Rachelle Hernandez, RN, DNP, CRNA

DNP Nurse Anesthesia

Mindfulness-Based Training: A Pilot Study on Student Registered Nurse Anesthetists (SRNAs)

Project Category:  Original Research 

Project Team: Rachelle Hernandez, DNP, CRNA Marble Simbi - Mujeye, DNP, CRNA

Sandra Larson, CRNA, PhD and Christopher Reddin, PhD, PMHNP-BC(Advisor)


Background: Student registered nurse anesthetists (SRNAs) are exposed to various stressors in their nurse anesthesia program. It is essential that SRNAs develop mindfulness skills to facilitate their professional growth. The objectives of this pilot study were to evaluate the effect of mindfulness-based training on mindfulness and well-being in Rosalind Franklin University (RFU) SRNAs, and to understand the facilitators and barriers to engagement with mindfulness training.

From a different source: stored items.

(* There exists $n_0$ such that the following holds for every integer $n \geq n_0$. Let $F$ be any graph on $n$ vertices with no isolated vertices, with minimum degree $\delta(F)=\delta$ and maximum degree $\Delta(F) \leq \sqrt{n}/40$. If $G$ is an $n$-vertex graph containing no subgraph isomorphic to $F$, then $\lambda(G) \leq \lambda(H_{n,\delta})$, with equality if and only if $G \cong H_{n,\delta}$.
   Context: All graphs are finite and simple. $\lambda(G)$ denotes the spectral radius (largest eigenvalue) of the adjacency matrix of $G$. For integers $n>k\geq 1$, $H_{n,k} = K_{k-1} \vee (K_{n-k} \cup K_1)$, i.e. the $n$-vertex graph consisting of a clique on $n-1$ vertices together with one additional vertex adjacent to exactly $k-1$ vertices of the clique; here $\vee$ denotes the join (all edges between the two graphs added) and $\cup$ the disjoint union. *)

theory Defs
  imports Complex_Main "Jordan_Normal_Form.Char_Poly"
begin

definition sgraph :: "nat \<Rightarrow> (nat \<Rightarrow> nat \<Rightarrow> bool) \<Rightarrow> bool" where
  "sgraph n E \<longleftrightarrow> (\<forall>i j. E i j \<longrightarrow> i < n \<and> j < n) \<and> (\<forall>i j. E i j \<longrightarrow> E j i)
                 \<and> (\<forall>i. \<not> E i i)"

definition degree :: "nat \<Rightarrow> (nat \<Rightarrow> nat \<Rightarrow> bool) \<Rightarrow> nat \<Rightarrow> nat" where
  "degree n E i = card {j. j < n \<and> E i j}"

definition min_degree :: "nat \<Rightarrow> (nat \<Rightarrow> nat \<Rightarrow> bool) \<Rightarrow> nat" where
  "min_degree n E = Min (degree n E ` {..<n})"

definition max_degree :: "nat \<Rightarrow> (nat \<Rightarrow> nat \<Rightarrow> bool) \<Rightarrow> nat" where
  "max_degree n E = Max (degree n E ` {..<n})"

definition adj_matrix :: "nat \<Rightarrow> (nat \<Rightarrow> nat \<Rightarrow> bool) \<Rightarrow> real mat" where
  "adj_matrix n E = mat n n (\<lambda>(i, j). if E i j then 1 else 0)"

definition spec_rad :: "nat \<Rightarrow> (nat \<Rightarrow> nat \<Rightarrow> bool) \<Rightarrow> real" where
  "spec_rad n E = Max {x. eigenvalue (adj_matrix n E) x}"

definition contains_subgraph ::
  "nat \<Rightarrow> (nat \<Rightarrow> nat \<Rightarrow> bool) \<Rightarrow> nat \<Rightarrow> (nat \<Rightarrow> nat \<Rightarrow> bool) \<Rightarrow> bool" where
  "contains_subgraph n G m F \<longleftrightarrow>
     (\<exists>f. inj_on f {..<m} \<and> f ` {..<m} \<subseteq> {..<n} \<and>
          (\<forall>i<m. \<forall>j<m. F i j \<longrightarrow> G (f i) (f j)))"

definition graph_iso :: "nat \<Rightarrow> (nat \<Rightarrow> nat \<Rightarrow> bool) \<Rightarrow> (nat \<Rightarrow> nat \<Rightarrow> bool) \<Rightarrow> bool" where
  "graph_iso n G H \<longleftrightarrow>
     (\<exists>f. bij_betw f {..<n} {..<n} \<and> (\<forall>i<n. \<forall>j<n. G i j \<longleftrightarrow> H (f i) (f j)))"

text \<open>H_{n,k} = K_{k-1} join (K_{n-k} disjoint-union K_1): vertices 0..k-2 form K_{k-1},
vertices k-1..n-2 form K_{n-k}, vertex n-1 is the K_1.\<close>

definition H_graph :: "nat \<Rightarrow> nat \<Rightarrow> nat \<Rightarrow> nat \<Rightarrow> bool" where
  "H_graph n k i j \<longleftrightarrow> i < n \<and> j < n \<and> i \<noteq> j \<and>
     ((i < n - 1 \<and> j < n - 1) \<or> (i = n - 1 \<and> j < k - 1) \<or> (j = n - 1 \<and> i < k - 1))"

end

(* Write \<delta> = \<delta>(F).  The graph H_{n,\<delta>} has an explicit positive Perron vector, constant on
   its three parts, and this test vector bounds the quadratic form of every relabelling of
   H_{n,\<delta>} by \<lambda>(H_{n,\<delta>}) \<ge> n - 2.  If G has a vertex of degree below \<delta>, then G lies in such
   a relabelling, which gives \<lambda>(G) \<le> \<lambda>(H_{n,\<delta>}), with equality only if G is the relabelling.
   Otherwise, if \<lambda>(G) \<ge> \<lambda>(H_{n,\<delta>}), a nonnegative eigenvector shows that G is nearly
   complete: the degrees of its complement sum to at most 3n, and a vertex v of degree d with
   5d \<le> n - 2 leaves at most 2(d - \<delta>) non-adjacent ordered pairs in G - v.  For the latter,
   delete the edges from v to all but \<delta> - 1 of its neighbours and add the non-adjacent pairs:
   the result lies in a copy of H_{n,\<delta>}, so at the eigenvector its quadratic form is at most
   that of G, and comparing the entries of the eigenvector bounds the number of pairs.
   F is then packed into G: a vertex of degree \<delta> of F goes to a vertex of low degree and its
   neighbours to a clique there, the few vertices of large complement degree receive
   isolated preimages greedily, and the remaining conflicts are removed by swaps.  So G
   contains F, contradicting the hypothesis. *)

theory Submission
  imports Defs "Jordan_Normal_Form.Spectral_Radius"
begin

section \<open>Adjacency matrices and real eigenvalues\<close>

definition adjacency_mat :: "nat \<Rightarrow> (nat \<Rightarrow> nat \<Rightarrow> bool) \<Rightarrow> 'a::field mat" where
  "adjacency_mat n E = mat n n (\<lambda>(i, j). if E i j then 1 else 0)"

definition nbr_sum :: "nat \<Rightarrow> (nat \<Rightarrow> nat \<Rightarrow> bool) \<Rightarrow> (nat \<Rightarrow> 'a::comm_monoid_add) \<Rightarrow> nat \<Rightarrow> 'a"
  where "nbr_sum n E v i = (\<Sum>j<n. if E i j then v j else 0)"

lemma adj_matrix_eq_adjacency_mat: "adj_matrix n E = adjacency_mat n E"
  unfolding adj_matrix_def adjacency_mat_def by simp

lemma adjacency_mat_carrier: "adjacency_mat n E \<in> carrier_mat n n"
  unfolding adjacency_mat_def by simp

lemma dim_row_adjacency_mat [simp]: "dim_row (adjacency_mat n E) = n"
  unfolding adjacency_mat_def by simp

lemma adjacency_mat_mult_vec:
  "i < n \<Longrightarrow> (adjacency_mat n E *\<^sub>v vec n f) $ i = nbr_sum n E f i"
  unfolding adjacency_mat_def nbr_sum_def
  by (auto simp: scalar_prod_def lessThan_atLeast0 intro!: sum.cong)

lemma eigenvector_adjacency_mat_vec_iff:
  "eigenvector (adjacency_mat n E) (vec n f) l \<longleftrightarrow>
     (\<exists>i<n. f i \<noteq> 0) \<and> (\<forall>i<n. nbr_sum n E f i = l * f i)"
proof -
  have "vec n f \<noteq> 0\<^sub>v n \<longleftrightarrow> (\<exists>i<n. f i \<noteq> 0)"
    by (auto simp: vec_eq_iff)
  moreover have "adjacency_mat n E *\<^sub>v vec n f = l \<cdot>\<^sub>v vec n f \<longleftrightarrow> (\<forall>i<n. nbr_sum n E f i = l * f i)"
    by (auto simp: vec_eq_iff adjacency_mat_mult_vec simp del: index_mult_mat_vec)
  ultimately show ?thesis
    unfolding eigenvector_def by simp
qed

lemma eigenvalue_adjacency_mat_iff:
  "eigenvalue (adjacency_mat n E) l \<longleftrightarrow> (\<exists>f. (\<exists>i<n. f i \<noteq> 0) \<and> (\<forall>i<n. nbr_sum n E f i = l * f i))"
proof
  assume "eigenvalue (adjacency_mat n E) l"
  then obtain v where v: "eigenvector (adjacency_mat n E) v l"
    unfolding eigenvalue_def by blast
  then have "v = vec n (\<lambda>i. v $ i)"
    unfolding eigenvector_def by auto
  with v show "\<exists>f. (\<exists>i<n. f i \<noteq> 0) \<and> (\<forall>i<n. nbr_sum n E f i = l * f i)"
    using eigenvector_adjacency_mat_vec_iff[of n E "\<lambda>i. v $ i" l] by auto
qed (auto simp: eigenvalue_def eigenvector_adjacency_mat_vec_iff[symmetric])

lemma finite_eigenvalues_adj_matrix: "finite {x. eigenvalue (adj_matrix n E) x}"
  using card_finite_spectrum(1)[OF adjacency_mat_carrier[of n E]]
  unfolding spectrum_def adj_matrix_eq_adjacency_mat by simp

lemma eigenvalue_adjacency_mat_complex_real:
  assumes sym: "\<And>i j. E i j \<Longrightarrow> E j i" and ev: "eigenvalue (adjacency_mat n E) c"
  shows "Im c = 0"
proof -
  obtain w where w: "\<exists>i<n. w i \<noteq> 0" "\<forall>i<n. nbr_sum n E w i = c * w i"
    using ev unfolding eigenvalue_adjacency_mat_iff by blast
  define N where "N = (\<Sum>i<n. (cmod (w i))\<^sup>2)"
  define L where "L = (\<Sum>i<n. \<Sum>j<n. if E i j then cnj (w i) * w j else 0)"
  have "N > 0"
  proof -
    obtain i where "i < n" "w i \<noteq> 0" using w(1) by blast
    then have "0 < (cmod (w i))\<^sup>2" "(cmod (w i))\<^sup>2 \<le> N"
      unfolding N_def by (auto intro!: member_le_sum)
    then show ?thesis by linarith
  qed
  have "cnj L = (\<Sum>i<n. \<Sum>j<n. if E i j then w i * cnj (w j) else 0)"
    unfolding L_def by (simp add: if_distrib cong: if_cong)
  also have "\<dots> = (\<Sum>j<n. \<Sum>i<n. if E i j then w i * cnj (w j) else 0)"
    by (rule sum.swap)
  also have "\<dots> = L"
    unfolding L_def using sym by (intro sum.cong refl) (auto simp: mult.commute)
  finally have "Im L = 0"
    by (metis cnj.sel(2) neg_equal_zero)
  have "L = (\<Sum>i<n. cnj (w i) * nbr_sum n E w i)"
    unfolding L_def nbr_sum_def by (simp add: sum_distrib_left if_distrib cong: if_cong)
  also have "\<dots> = (\<Sum>i<n. c * complex_of_real ((cmod (w i))\<^sup>2))"
  proof (intro sum.cong refl)
    fix i assume "i \<in> {..<n}"
    then have "nbr_sum n E w i = c * w i"
      using w(2) by simp
    then have "cnj (w i) * nbr_sum n E w i = c * (w i * cnj (w i))"
      by (simp add: ac_simps)
    also have "w i * cnj (w i) = complex_of_real ((cmod (w i))\<^sup>2)"
      using complex_norm_square[of "w i"] by simp
    finally show "cnj (w i) * nbr_sum n E w i = c * complex_of_real ((cmod (w i))\<^sup>2)" .
  qed
  also have "\<dots> = c * complex_of_real N"
    unfolding N_def by (simp add: sum_distrib_left)
  finally have "Im c * N = 0"
    using \<open>Im L = 0\<close> by simp
  then show ?thesis
    using \<open>N > 0\<close> by simp
qed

Methods: Consented SRNAs (n=12) from the class of 2023 participated in a 16-week mindfulness training program consisting of eight online-based sessions, self-administered biweekly. Data was collected from session surveys, and group interviews conducted at week 16 and 28. Two quantitative measurement tools were administered pre- and post-intervention, and at the three-month follow up.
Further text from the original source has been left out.